Dataset entries:
= Beginning of Section =

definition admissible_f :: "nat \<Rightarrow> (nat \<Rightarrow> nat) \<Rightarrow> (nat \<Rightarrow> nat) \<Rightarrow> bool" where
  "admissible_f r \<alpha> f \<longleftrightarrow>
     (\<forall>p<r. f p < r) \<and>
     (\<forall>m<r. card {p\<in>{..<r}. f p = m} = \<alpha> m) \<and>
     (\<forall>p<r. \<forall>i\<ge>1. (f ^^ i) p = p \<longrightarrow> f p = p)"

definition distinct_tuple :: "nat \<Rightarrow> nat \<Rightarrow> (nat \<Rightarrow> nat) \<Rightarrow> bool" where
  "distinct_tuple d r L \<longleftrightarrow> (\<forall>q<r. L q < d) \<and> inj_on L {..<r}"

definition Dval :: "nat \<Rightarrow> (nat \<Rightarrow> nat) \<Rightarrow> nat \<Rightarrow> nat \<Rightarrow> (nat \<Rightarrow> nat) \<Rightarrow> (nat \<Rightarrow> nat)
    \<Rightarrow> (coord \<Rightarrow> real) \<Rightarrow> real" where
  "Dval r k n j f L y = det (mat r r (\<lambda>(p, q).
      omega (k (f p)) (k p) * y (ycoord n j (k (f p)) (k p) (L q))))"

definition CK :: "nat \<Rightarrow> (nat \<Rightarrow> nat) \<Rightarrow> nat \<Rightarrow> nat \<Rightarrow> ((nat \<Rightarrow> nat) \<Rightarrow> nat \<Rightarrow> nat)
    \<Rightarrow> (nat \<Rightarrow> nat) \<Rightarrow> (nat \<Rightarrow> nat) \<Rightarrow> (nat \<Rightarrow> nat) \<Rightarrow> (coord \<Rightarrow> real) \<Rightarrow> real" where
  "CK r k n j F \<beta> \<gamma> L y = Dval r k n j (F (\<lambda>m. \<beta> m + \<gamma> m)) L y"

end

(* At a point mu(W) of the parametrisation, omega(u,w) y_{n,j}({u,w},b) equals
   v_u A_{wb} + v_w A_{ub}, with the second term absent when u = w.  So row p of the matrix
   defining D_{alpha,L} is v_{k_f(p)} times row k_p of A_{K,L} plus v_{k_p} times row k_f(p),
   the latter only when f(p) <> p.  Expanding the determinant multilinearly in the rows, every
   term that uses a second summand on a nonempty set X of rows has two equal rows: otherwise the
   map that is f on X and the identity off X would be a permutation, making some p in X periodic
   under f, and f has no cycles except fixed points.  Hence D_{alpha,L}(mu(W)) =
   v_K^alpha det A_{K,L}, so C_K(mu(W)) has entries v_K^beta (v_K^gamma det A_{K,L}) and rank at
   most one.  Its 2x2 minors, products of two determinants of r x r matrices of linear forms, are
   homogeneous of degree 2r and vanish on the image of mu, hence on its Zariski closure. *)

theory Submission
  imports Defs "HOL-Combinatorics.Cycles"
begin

= End of Section =

• What to produce
Set down all of the lines above without altering a word.

• Answer
definition admissible_f :: "nat \<Rightarrow> (nat \<Rightarrow> nat) \<Rightarrow> (nat \<Rightarrow> nat) \<Rightarrow> bool" where
  "admissible_f r \<alpha> f \<longleftrightarrow>
     (\<forall>p<r. f p < r) \<and>
     (\<forall>m<r. card {p\<in>{..<r}. f p = m} = \<alpha> m) \<and>
     (\<forall>p<r. \<forall>i\<ge>1. (f ^^ i) p = p \<longrightarrow> f p = p)"

definition distinct_tuple :: "nat \<Rightarrow> nat \<Rightarrow> (nat \<Rightarrow> nat) \<Rightarrow> bool" where
  "distinct_tuple d r L \<longleftrightarrow> (\<forall>q<r. L q < d) \<and> inj_on L {..<r}"

definition Dval :: "nat \<Rightarrow> (nat \<Rightarrow> nat) \<Rightarrow> nat \<Rightarrow> nat \<Rightarrow> (nat \<Rightarrow> nat) \<Rightarrow> (nat \<Rightarrow> nat)
    \<Rightarrow> (coord \<Rightarrow> real) \<Rightarrow> real" where
  "Dval r k n j f L y = det (mat r r (\<lambda>(p, q).
      omega (k (f p)) (k p) * y (ycoord n j (k (f p)) (k p) (L q))))"

definition CK :: "nat \<Rightarrow> (nat \<Rightarrow> nat) \<Rightarrow> nat \<Rightarrow> nat \<Rightarrow> ((nat \<Rightarrow> nat) \<Rightarrow> nat \<Rightarrow> nat)
    \<Rightarrow> (nat \<Rightarrow> nat) \<Rightarrow> (nat \<Rightarrow> nat) \<Rightarrow> (nat \<Rightarrow> nat) \<Rightarrow> (coord \<Rightarrow> real) \<Rightarrow> real" where
  "CK r k n j F \<beta> \<gamma> L y = Dval r k n j (F (\<lambda>m. \<beta> m + \<gamma> m)) L y"

end

(* At a point mu(W) of the parametrisation, omega(u,w) y_{n,j}({u,w},b) equals
   v_u A_{wb} + v_w A_{ub}, with the second term absent when u = w.  So row p of the matrix
   defining D_{alpha,L} is v_{k_f(p)} times row k_p of A_{K,L} plus v_{k_p} times row k_f(p),
   the latter only when f(p) <> p.  Expanding the determinant multilinearly in the rows, every
   term that uses a second summand on a nonempty set X of rows has two equal rows: otherwise the
   map that is f on X and the identity off X would be a permutation, making some p in X periodic
   under f, and f has no cycles except fixed points.  Hence D_{alpha,L}(mu(W)) =
   v_K^alpha det A_{K,L}, so C_K(mu(W)) has entries v_K^beta (v_K^gamma det A_{K,L}) and rank at
   most one.  Its 2x2 minors, products of two determinants of r x r matrices of linear forms, are
   homogeneous of degree 2r and vanish on the image of mu, hence on its Zariski closure. *)

theory Submission
  imports Defs "HOL-Combinatorics.Cycles"
begin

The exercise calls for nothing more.